Philippe Collin : L’agriculture a été marginalisée du débat. Le sujet de la volatilité des prix agricoles a été noyé dans la masse de la crise mondiale. Cela ne fait que confirmer que les grandes déclarations du G20 agricole de juin dernier n’ont pas été suivies de concret. C’est une bizarrerie : dans le G20 agricole, le sujet de la volatilité des prix agricoles est mentionné. Dans la réforme de la Pac, proposée par le Commissaire Ciolos, il n’y aucun embryon de mesures pour contrer la volatilité des prix agricoles. Aucun outil n’est proposé, si ce n’est des leviers privés comme les fonds de mutualisation. Quant à la volonté du G20 de relancer la production agricole mondiale, cela n’a aucun sens. Il y a un problème important lié à l’usage de cette production agricole. Si elle est absorbée pour le développement des agro-carburants, on ne résout pas le problème de la disponibilité des matières premières. Ce que je trouve le plus choquant est que l’on demande aux pays les plus pauvres de faire des stocks. C’est très coûteux de faire des stocks. De présenter ces stocks prépositionnés comme un point positif est purement scandaleux. Pour assurer la sécurité alimentaire, les paysans doivent avoir accès à l’eau, aux semences et à la terre. Le G20 propose de faciliter la recherche sur le génome du blé, notamment vers le développement de variétés OGM, ce qui réduira davantage l’autonomie paysanne.

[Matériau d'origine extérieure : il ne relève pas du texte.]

(* Define, for $x\in\mathcal N$, $$f(x)=\mathbb{E}_x[V(x-D+\xi)]-\mathbb{E}_x[V(x-D)] = \sum_{d=0}^x\tbinom{x}{d}\big(\tfrac qx\big)^d\big(1-\tfrac qx\big)^{x-d}\,p\,\big(V(x+1-d)-V(x-d)\big).$$ Then $f(x+1)-f(x)\ge0$ for all $x\in\mathcal N$, i.e. $f$ is nondecreasing.
   Context: Single-server problem: Bernoulli($p$) arrivals $\xi$, departures $D\sim\mathrm{Binomial}(x,q/x)$ given state $x\ge1$ (no departures at $x=0$), queue $X_{t+1}=X_t-D_{t+1}+\nu_t\xi_{t+1}$, $\nu\in\{0,1\}$; $C>0$, $1>q>2p>0$, $\lambda\in\mathbb R$, cost $c(x,\nu)=Cx+(1-\nu)\lambda$. $V$ is the average-cost relative value function solving $V(x)=Cx-\beta+\min\big(\mathbb{E}_x[pV(x-D+1)+(1-p)V(x-D)],\ \lambda+\mathbb{E}_x[V(x-D)]\big)$, $V(0)=0$; $V$ is nondecreasing and has increasing differences ($V(x+z)-V(x)\ge V(y+z)-V(y)$ for $z>0$, $x>y$). *)

theory Defs
  imports Complex_Main
begin

text \<open>Expectation E_x[g(x - D)] where D ~ Binomial(x, q/x) given state x.
  For x = 0 this is g 0 (no departures), since q/0 = 0 and 0^0 = 1.\<close>
definition Ex_dep :: "real \<Rightarrow> nat \<Rightarrow> (nat \<Rightarrow> real) \<Rightarrow> real" where
  "Ex_dep q x g = (\<Sum>d = 0..x. real (x choose d) * (q / real x) ^ d
                       * (1 - q / real x) ^ (x - d) * g (x - d))"

definition bellman :: "real \<Rightarrow> real \<Rightarrow> real \<Rightarrow> real \<Rightarrow> real \<Rightarrow> (nat \<Rightarrow> real) \<Rightarrow> bool" where
  "bellman p q C lam beta V \<longleftrightarrow>
     (\<forall>x. V x = C * real x - beta +
        min (Ex_dep q x (\<lambda>y. p * V (y + 1) + (1 - p) * V y))
            (lam + Ex_dep q x V))"

text \<open>f(x) = E_x[V(x - D + xi)] - E_x[V(x - D)], xi ~ Bernoulli(p) independent of D.\<close>
definition f_diff :: "real \<Rightarrow> real \<Rightarrow> (nat \<Rightarrow> real) \<Rightarrow> nat \<Rightarrow> real" where
  "f_diff p q V x = Ex_dep q x (\<lambda>y. p * V (y + 1) + (1 - p) * V y) - Ex_dep q x V"

end

theory Submission
  imports Defs
begin

text \<open>
  Write \<open>g y = p (V (y + 1) - V y)\<close>. Then \<open>f x = E[g (x - D)]\<close>, and \<open>g\<close> is nondecreasing
  because \<open>V\<close> has increasing differences. The number of survivors \<open>x - D\<close> is binomial with
  \<open>x\<close> trials and survival probability \<open>1 - q/x\<close>; passing from \<open>x\<close> to \<open>x + 1\<close> adds a trial
  and raises the survival probability, so the survivor count grows stochastically and
  the expectation of the nondecreasing \<open>g\<close> grows.
\<close>

definition survivor_mean :: "nat \<Rightarrow> real \<Rightarrow> (nat \<Rightarrow> real) \<Rightarrow> real" where
  "survivor_mean n r g = (\<Sum>d\<le>n. real (n choose d) * r ^ d * (1 - r) ^ (n - d) * g (n - d))"

lemma survivor_mean_0 [simp]: "survivor_mean 0 r g = g 0"
  by (simp add: survivor_mean_def)

text \<open>Condition on whether the last of the \<open>n + 1\<close> individuals departs.\<close>
lemma survivor_mean_Suc:
  "survivor_mean (Suc n) r g = (1 - r) * survivor_mean n r (\<lambda>y. g (Suc y)) + r * survivor_mean n r g"
proof -
  define w where "w m d = real (m choose d) * r ^ d * (1 - r) ^ (m - d) * g (m - d)" for m d
  define S where "S = (\<Sum>d\<le>n. real (n choose Suc d) * r ^ Suc d * (1 - r) ^ (n - d) * g (n - d))"
  have w_Suc: "w (Suc n) (Suc d) = r * w n d + real (n choose Suc d) * r ^ Suc d * (1 - r) ^ (n - d) * g (n - d)" for d
    unfolding w_def by (simp add: algebra_simps)
  have "survivor_mean (Suc n) r g = w (Suc n) 0 + (\<Sum>d\<le>n. w (Suc n) (Suc d))"
    unfolding survivor_mean_def w_def by (rule sum.atMost_Suc_shift)
  also have "(\<Sum>d\<le>n. w (Suc n) (Suc d)) = (\<Sum>d\<le>n. r * w n d) + S"
    unfolding w_Suc sum.distrib S_def ..
  also have "(\<Sum>d\<le>n. r * w n d) = r * survivor_mean n r g"
    unfolding survivor_mean_def w_def by (simp add: sum_distrib_left)
  finally have lhs: "survivor_mean (Suc n) r g = w (Suc n) 0 + r * survivor_mean n r g + S"
    by simp
  have "(1 - r) * survivor_mean n r (\<lambda>y. g (Suc y))
      = (\<Sum>d\<le>n. real (n choose d) * r ^ d * (1 - r) ^ (Suc n - d) * g (Suc n - d))"
    unfolding survivor_mean_def sum_distrib_left
    by (rule sum.cong) (auto simp: Suc_diff_le)
  also have "\<dots> = (\<Sum>d\<le>Suc n. real (n choose d) * r ^ d * (1 - r) ^ (Suc n - d) * g (Suc n - d))"
    by simp
  also have "\<dots> = w (Suc n) 0 + S"
    unfolding S_def w_def by (subst sum.atMost_Suc_shift) simp
  finally show ?thesis
    using lhs by linarith
qed

lemma survivor_mean_mono:
  assumes "0 \<le> r" "r \<le> 1" "\<And>y. g y \<le> h y"
  shows "survivor_mean n r g \<le> survivor_mean n r h"
  unfolding survivor_mean_def
  using assms by (intro sum_mono mult_left_mono) auto

lemma survivor_mean_le_Suc:
  assumes "mono g" "0 \<le> r" "r \<le> 1"
  shows "survivor_mean n r g \<le> survivor_mean (Suc n) r g"
proof -
  have "survivor_mean n r g \<le> survivor_mean n r (\<lambda>y. g (Suc y))"
    using assms by (intro survivor_mean_mono) (auto simp: mono_def)
  then have "(1 - r) * survivor_mean n r g \<le> (1 - r) * survivor_mean n r (\<lambda>y. g (Suc y))"
    using assms by (simp add: mult_left_mono)
  then show ?thesis
    by (simp add: survivor_mean_Suc algebra_simps)
qed

lemma survivor_mean_antimono_rate:
  assumes "mono g" "0 \<le> r'" "r' \<le> r" "r \<le> 1"
  shows "survivor_mean n r g \<le> survivor_mean n r' g"
  using assms(1)
proof (induction n arbitrary: g)
  case 0
  then show ?case by simp
next
  case (Suc n)
  have mono_shift: "mono (\<lambda>y. g (Suc y))"
    using Suc.prems by (auto simp: mono_def)
  define A where "A = survivor_mean n r (\<lambda>y. g (Suc y))"
  define A' where "A' = survivor_mean n r' (\<lambda>y. g (Suc y))"
  define B where "B = survivor_mean n r g"
  define B' where "B' = survivor_mean n r' g"
  have "A \<le> A'" "B \<le> B'"
    unfolding A_def A'_def B_def B'_def using Suc.IH mono_shift Suc.prems by blast+
  have "B \<le> A"
    unfolding A_def B_def using Suc.prems assms by (intro survivor_mean_mono) (auto simp: mono_def)
  then have "(r - r') * (B - A) \<le> 0"
    using assms by (simp add: mult_nonneg_nonpos)
  then have "(1 - r) * A + r * B \<le> (1 - r') * A + r' * B"
    by (simp add: algebra_simps)
  also have "\<dots> \<le> (1 - r') * A' + r' * B'"
    using \<open>A \<le> A'\<close> \<open>B \<le> B'\<close> assms by (intro add_mono mult_left_mono) auto
  finally show ?case
    unfolding A_def A'_def B_def B'_def by (simp add: survivor_mean_Suc)
qed

lemma survivor_mean_rate_mono_state:
  assumes "mono g" "0 \<le> q" "q \<le> 1"
  shows "survivor_mean x (q / real x) g \<le> survivor_mean (Suc x) (q / real (Suc x)) g"
proof (cases "x = 0")
  case True
  then show ?thesis
    using survivor_mean_le_Suc[OF assms, of 0] by simp
next
  case False
  have rates: "0 \<le> q / real (Suc x)" "q / real (Suc x) \<le> q / real x" "q / real x \<le> 1"
    using False assms by (auto simp: frac_le)
  have "survivor_mean x (q / real x) g \<le> survivor_mean x (q / real (Suc x)) g"
    using survivor_mean_antimono_rate[OF assms(1) rates] .
  also have "\<dots> \<le> survivor_mean (Suc x) (q / real (Suc x)) g"
    using rates by (intro survivor_mean_le_Suc[OF assms(1)]) linarith+
  finally show ?thesis .
qed

lemma f_diff_eq_survivor_mean:
  "f_diff p q V x = survivor_mean x (q / real x) (\<lambda>y. p * (V (Suc y) - V y))"
  unfolding f_diff_def Ex_dep_def survivor_mean_def atLeast0AtMost sum_subtractf[symmetric]
  by (rule sum.cong) (simp_all add: algebra_simps)

lemma mono_increment_if_increasing_differences:
  fixes V :: "nat \<Rightarrow> real"
  assumes "\<And>x y z. 0 < z \<Longrightarrow> y < x \<Longrightarrow> V (x + z) - V x \<ge> V (y + z) - V y"
  shows "mono (\<lambda>y. V (Suc y) - V y)"
proof (rule monoI)
  fix a b :: nat
  assume "a \<le> b"
  then show "V (Suc a) - V a \<le> V (Suc b) - V b"
    using assms[of 1 a b] by (cases "a = b") auto
qed

theorem mainTheorem7:
  fixes p q C lam beta :: real and V :: "nat \<Rightarrow> real"
  assumes "C > 0" and "0 < 2 * p" and "2 * p < q" and "q < 1"
    and "bellman p q C lam beta V"
    and "V 0 = 0"
    and "mono V"
    and "\<And>x y z. 0 < z \<Longrightarrow> y < x \<Longrightarrow> V (x + z) - V x \<ge> V (y + z) - V y"
  shows "\<forall>x. f_diff p q V (x + 1) - f_diff p q V x \<ge> 0"
proof
  fix x :: nat
  have "mono (\<lambda>y. p * (V (Suc y) - V y))"
    using mono_increment_if_increasing_differences[OF assms(8)] assms(2)
    by (auto simp: mono_def mult_left_mono)
  then have "f_diff p q V x \<le> f_diff p q V (Suc x)"
    unfolding f_diff_eq_survivor_mean
    by (rule survivor_mean_rate_mono_state) (use assms(2-4) in auto)
  then show "f_diff p q V (x + 1) - f_diff p q V x \<ge> 0"
    by simp
qed

end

Vous êtes critique sur la réforme de la Pac. Une des ambitions du commissaire était de la rendre plus légitime. Sur ce point, va-t-il dans le bon sens ?
Pas du tout. Avant 1992, la Politique agricole commune se fondait sur une logique d’aides à la production. Depuis 1992, la Pac aide les moyens de production des paysans. La réforme proposée par le commissaire Ciolos ne rend pas cette Pac plus légitime. Le principe d’attribution de soutiens annuels lié aux seuls hectares et quel que soit le  niveau des prix agricoles et le nombre de personnes travaillant sur chaque ferme n’est pas remis en cause. Où est la volonté d’équité affichée ? En résumé : plus tu possèdes, plus tu auras de subventions. C’est comme si on investissait dans la concentration des fermes. Cette réforme n’est pas redistributive. A la Confédération paysanne, on défend depuis longtemps des aides conditionnées aux nombres d’actifs agricoles. Voilà un moyen de rendre cette politique légitime aux yeux des citoyens. Quant au verdissement des aides, je me suis déjà exprimé pour dire qu’il ne va pas assez loin. Il n’est en l’état que pure façade. Ce verdissement ne conduirait à aucun changement de pratique dans 95% des exploitations françaises. A quand une politique européenne durable, juste et sociale ?

En ces temps de vaches maigres, le gouvernement vient d’annoncer un nouveau plan de rigueur. Il s’attaque à certaines niches fiscales. A ce titre, l’agriculture bénéfice de 2,2 milliards d’euros. Ces niches sont-elles toute justifiées ?
Dans le secteur agricole, nous ne bénéficions pas de niches mais de véritables cathédrales. Ces dispositifs ne sont que le corolaire de la politique agricole commune. C’est le deuxième étage de la fusée aboutissant à la concentration des fermes. Certains outils sont scandaleux. Je n’en citerai qu’un : l’exonération des plus values sur cessions d’actifs. Ce dispositif est plafonné à 250 000 euros pour 5 ans. En plus cette mesure a été accentuée en 2002 au moment du passage à l’euro. Une réforme de la fiscalité agricole est plus que nécessaire.